1. Compounding pharmacies are legal, but are not FDA-regulated. Unlike traditional pharmacies, which dispense drugs manufactured by drug companies, compounding pharmacies create and mix their own drugs. While the ingredients they use are FDA-approved, their methods and facilities are not regulated by the FDA. In fact, until the 1950s, when the mass manufacturing of FDA-regulated drugs took off, about 80 percent of prescriptions were compounded, according to Reuters. Such pharmacies are overseen by state pharmacy boards, which may have as few as half a dozen inspectors for thousands of pharmacies.
2. Such pharmacies are more common than you might think. According to the director of the Pharmacy Compounding Accreditation Board via Reuters, there are anywhere from 3,000 to 5,000 compunding pharmacies in the United States. As many as 5 percent of prescriptions written annually are for compounded products.
3. They’re meant to make personalized doses of medicine for special needs. Two common scenarios: making child-size doses of drugs that are only available for adults, or making dye-free or gluten-free formulations for people with certain allergies; according to the New York Times, every acute-care hospital has a compounding pharmacy on-site.
However, it seems some pharmacies, like the New England Compounding Center (NECC) implicated in the meningitis outbreak, are functioning more like mini drug manufacturers by mass-producing certain medications, especially those that have been in short supply from FDA-regulated pharmaceutical companies. The NECC’s steroid injection, for example, was shipped to 23 states and given to 14,000 patients—not exactly a single dose for a specific patient.
4. You may not always know if you’re getting a compounded drug.
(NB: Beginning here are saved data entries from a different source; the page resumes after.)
(* Let $\mathcal{X}$ be a finite set, $P_X$ a probability distribution on $\mathcal{X}$, $X\sim P_X$, $\rho\ge1$, and for each $n$ let $\mathbf{X}=(X_1,\dots,X_n)$ be i.i.d. with law $P_X$. For a probability distribution $\hat P$ on $\mathcal{X}^n$, let $\hat{\mathbf{X}}_1,\hat{\mathbf{X}}_2,\dots$ be i.i.d. with law $\hat P$, independent of $\mathbf{X}$, let $G(\mathbf{X},\hat{\mathbf{X}}_1^\infty)=\inf\{k\ge1:\hat{\mathbf{X}}_k=\mathbf{X}\}$, $V_\rho(\mathbf{X},\hat{\mathbf{X}}_1^\infty)=\binom{G(\mathbf{X},\hat{\mathbf{X}}_1^\infty)+\rho-1}{\rho}$, and $\mathbb{E}\{V^*_\rho(\mathbf{X},\hat{\mathbf{X}}_1^\infty)\}=\inf_{\hat P}\mathbb{E}\{V_\rho(\mathbf{X},\hat{\mathbf{X}}_1^\infty)\}$ over all probability distributions $\hat P$ on $\mathcal{X}^n$. Then $$\lim_{n\to\infty}\frac1n\log\mathbb{E}\{V^*_\rho(\mathbf{X},\hat{\mathbf{X}}_1^\infty)\}=\rho\, H_{\frac{1}{1+\rho}}(X).$$
   Context: $\binom{x}{y}=\frac{\Gamma(x+1)}{\Gamma(y+1)\Gamma(x-y+1)}$. Logarithms are natural. For $\alpha>0,\alpha\ne1$, $H_\alpha(X)=\frac{1}{1-\alpha}\log\sum_{x\in\mathcal{X}}P_X(x)^\alpha$. *)

theory Defs
  imports "HOL-Analysis.Analysis" "HOL-Probability.Probability"
begin

definition gbinom :: "real \<Rightarrow> real \<Rightarrow> real" where
  "gbinom x y = Gamma (x + 1) / (Gamma (y + 1) * Gamma (x - y + 1))"

text \<open>Guesswork G(x, xhat_1^infty) = inf {k >= 1. xhat_k = x} (1-based index),
  equal to infinity if x is never guessed. The stream is 0-indexed, so xhat_k = w !! (k-1).\<close>
definition guess_count :: "'b \<Rightarrow> 'b stream \<Rightarrow> enat" where
  "guess_count x w = (if \<exists>k. w !! k = x then enat (Suc (LEAST k. w !! k = x)) else \<infinity>)"

definition V_rho :: "real \<Rightarrow> 'b \<Rightarrow> 'b stream \<Rightarrow> ennreal" where
  "V_rho \<rho> x w = (case guess_count x w of
       enat g \<Rightarrow> ennreal (gbinom (real g + \<rho> - 1) \<rho>)
     | \<infinity> \<Rightarrow> \<infinity>)"

definition expected_V :: "real \<Rightarrow> 'a pmf \<Rightarrow> nat \<Rightarrow> 'a list pmf \<Rightarrow> ennreal" where
  "expected_V \<rho> P n Phat =
     (\<integral>\<^sup>+ z. V_rho \<rho> (fst z) (snd z)
        \<partial>(measure_pmf (replicate_pmf n P) \<Otimes>\<^sub>M stream_space (measure_pmf Phat)))"

definition opt_expected_V :: "real \<Rightarrow> 'a pmf \<Rightarrow> nat \<Rightarrow> ennreal" where
  "opt_expected_V \<rho> P n =
     (INF Phat \<in> {Q :: 'a list pmf. set_pmf Q \<subseteq> {xs. length xs = n}}. expected_V \<rho> P n Phat)"

definition renyi_entropy :: "real \<Rightarrow> 'a::finite pmf \<Rightarrow> real" where
  "renyi_entropy \<alpha> P = 1 / (1 - \<alpha>) * ln (\<Sum>x\<in>UNIV. pmf P x powr \<alpha>)"

end

theory Submission
  imports Defs
begin

text \<open>
  If the guesses are drawn independently from Q, the guesswork of a fixed x is geometric with
  success probability Q(x), and the negative binomial series
  sum_k binom(k + rho, rho) (1 - p)^k p = p^(-rho) gives E V_rho = sum_x P(x) Q(x)^(-rho).
  By the tangent-line inequality for the convex map q -> q^(-rho) this is at least
  (sum_x P(x)^(1/(1+rho)))^(1+rho), with equality when Q is proportional to P^(1/(1+rho)).
  For the memoryless source P^n the sum factorizes into the n-th power of the single-letter sum,
  so (1/n) log E V*_rho equals (1 + rho) log sum_x P(x)^(1/(1+rho)) = rho H_(1/(1+rho))(X)
  already for every n >= 1.
\<close>

section \<open>Waiting for the first correct guess\<close>

(* Streams are 0-indexed: w \<in> first_hit k x means that the guesswork of x is k + 1. *)
definition first_hit :: "nat \<Rightarrow> 'b \<Rightarrow> 'b stream set" where
  "first_hit k x = {w. (\<forall>i<k. w !! i \<noteq> x) \<and> w !! k = x}"
lemma bdd_above_holder_quots_ln_D_comp:
  assumes k: "regular_map k" and g: "g \<in> Diff1d \<delta>" and "0 < \<delta>" "\<delta> \<le> 1"
  shows "bdd_above (holder_quots \<delta> (\<lambda>t. ln (D (\<lambda>x. k (g x)) t)))"
proof -
  obtain u' L1 L2 where u': "\<And>x. x \<in> II \<Longrightarrow> ((\<lambda>x. ln (D k x)) has_real_derivative u' x) (at x within II)"
    and L1: "\<And>x. x \<in> II \<Longrightarrow> \<bar>u' x\<bar> \<le> L1" "0 \<le> L1"
    using regular_mapE[OF k] by metis
  obtain m M where m: "0 < m" "\<And>t. t \<in> II \<Longrightarrow> m \<le> D g t" and M: "\<And>t. t \<in> II \<Longrightarrow> D g t \<le> M"
    using Diff1d_D_bounds[OF g] by blast
  have "holder_bound \<delta> (\<lambda>t. ln (D k (g t)) + ln (D g t)) (L1 * M + holder_const \<delta> (D g) / m)"
    using holder_bound_comp_lipschitz[OF u' L1 g M assms(3,4)]
      holder_bound_ln[OF m(2,1) holder_bound_holder_const[OF Diff1dD(6)[OF g]]]
    by (rule holder_bound_add)
  then have "holder_bound \<delta> (\<lambda>t. ln (D (\<lambda>x. k (g x)) t)) (L1 * M + holder_const \<delta> (D g) / m)"
    by (subst holder_bound_cong[OF ln_D_comp[OF k g]])
  then show ?thesis by (rule bdd_above_holder_quotsI)
qed

lemma Diff1d_close_D:
  assumes f: "f \<in> Diff1d \<delta>" and g: "g \<in> Diff1d \<delta>" and "0 < \<delta>"
    and close: "norm1d \<delta> (\<lambda>t. g t - f t) < \<eta>"
  shows "\<And>t. t \<in> II \<Longrightarrow> \<bar>D g t - D f t\<bar> < \<eta>"
    and "holder_bound \<delta> (\<lambda>t. D g t - D f t) \<eta>"
proof -
  let ?w = "\<lambda>t. D g t - D f t"
  have Dw: "D (\<lambda>t. g t - f t) t = ?w t" if "t \<in> II" for t
    using that Diff1dD(1)[OF f] Diff1dD(1)[OF g]
    by (intro D_eqI) (auto intro!: derivative_eq_intros C1_on_I_has_D)
  have bdd: "bdd_above (holder_quots \<delta> ?w)"
    by (rule bdd_above_holder_quotsI[OF holder_bound_diff[OF holder_bound_holder_const
          holder_bound_holder_const]]) (use Diff1dD(6) f g in auto)
  have norm: "\<bar>?w 0\<bar> + holder_const \<delta> ?w < \<eta>"
    using close Dw holder_quots_cong[OF Dw] unfolding norm1d_def by simp
  show "holder_bound \<delta> ?w \<eta>"
    by (rule holder_bound_mono[OF holder_bound_holder_const[OF bdd]]) (use norm in simp)
  fix t :: real assume "t \<in> II"
  then have "\<bar>?w t - ?w 0\<bar> \<le> holder_const \<delta> ?w"
    using holder_bound_imp_abs_le[OF holder_bound_holder_const[OF bdd]] assms(3) by blast
  then show "\<bar>D g t - D f t\<bar> < \<eta>" using norm by linarith
qed
lemma spec_norm_cadj_le: "spec_norm (cadj M) \<le> spec_norm M"
  unfolding spec_norm_def[of "cadj M"]
proof (rule onorm_le)
  fix y
  have "(norm (cadj M *v y))\<^sup>2 = inner y (M *v (cadj M *v y))"
    by (simp add: power2_norm_eq_inner inner_cadj_matrix_vector_mult)
  also have "\<dots> \<le> norm y * norm (M *v (cadj M *v y))"
    by (rule norm_cauchy_schwarz)
  also have "\<dots> \<le> norm y * (spec_norm M * norm (cadj M *v y))"
    by (simp add: mult_left_mono norm_matrix_vector_mult_le)
  finally show "norm (cadj M *v y) \<le> spec_norm M * norm y"
    by (cases "cadj M *v y = 0") (simp_all add: spec_norm_nonneg power2_eq_square mult_ac)
qed

lemma spec_norm_cadj: "spec_norm (cadj M) = spec_norm M"
  using spec_norm_cadj_le[of M] spec_norm_cadj_le[of "cadj M"] by simp

lemma norm_power2_eq_sum_columns: "(norm (Z::complex^'n^'m))\<^sup>2 = (\<Sum>j\<in>UNIV. (norm (column j Z))\<^sup>2)"
proof -
  have "(norm Z)\<^sup>2 = (\<Sum>i\<in>UNIV. \<Sum>j\<in>UNIV. (cmod (Z$i$j))\<^sup>2)"
    by (simp add: norm_vec_def L2_set_def sum_nonneg)
  also have "\<dots> = (\<Sum>j\<in>UNIV. \<Sum>i\<in>UNIV. (cmod (Z$i$j))\<^sup>2)"
    by (rule sum.swap)
  finally show ?thesis
    by (simp add: norm_vec_def L2_set_def sum_nonneg column_def)
qed

lemma column_matrix_mul: "column j (M ** X) = M *v column j X"
  by (simp add: column_def matrix_matrix_mult_def matrix_vector_mult_def vec_eq_iff)

lemma norm_matrix_mul_le_left: "norm (M ** X) \<le> spec_norm M * norm X"
proof -
  have "(norm (M ** X))\<^sup>2 = (\<Sum>j\<in>UNIV. (norm (M *v column j X))\<^sup>2)"
    by (simp add: norm_power2_eq_sum_columns column_matrix_mul)
  also have "\<dots> \<le> (\<Sum>j\<in>UNIV. (spec_norm M * norm (column j X))\<^sup>2)"
    by (intro sum_mono power_mono norm_matrix_vector_mult_le) simp
  also have "\<dots> = (spec_norm M * norm X)\<^sup>2"
    by (simp add: norm_power2_eq_sum_columns power_mult_distrib sum_distrib_left)
  finally show ?thesis
    using spec_norm_nonneg[of M] by (simp add: power2_le_iff_abs_le)
qed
Regular pharmacies don’t fill prescriptions for compounded drugs; if your doctor prescribes one, you will need to get it filled at a special pharmacy, says WebMD. But if you get medicine directly from a doctor’s office or hospital, it’s not always so clear-cut, so you should ask where the drug came from. In some cases, hospital doctors may not even know whether the hospital pharmacy purchased drugs from a compounding pharmacy or a regular pharmaceutical manufacturer.
5. Be especially careful about injectable or IV drugs. Try to take FDA-approved versions of these drugs, which must be prepared under sterile conditions, when possible. If you do require a compounded prescription, make sure the pharmacy is licensed and is familiar with and has experience preparing it, recommends the Times.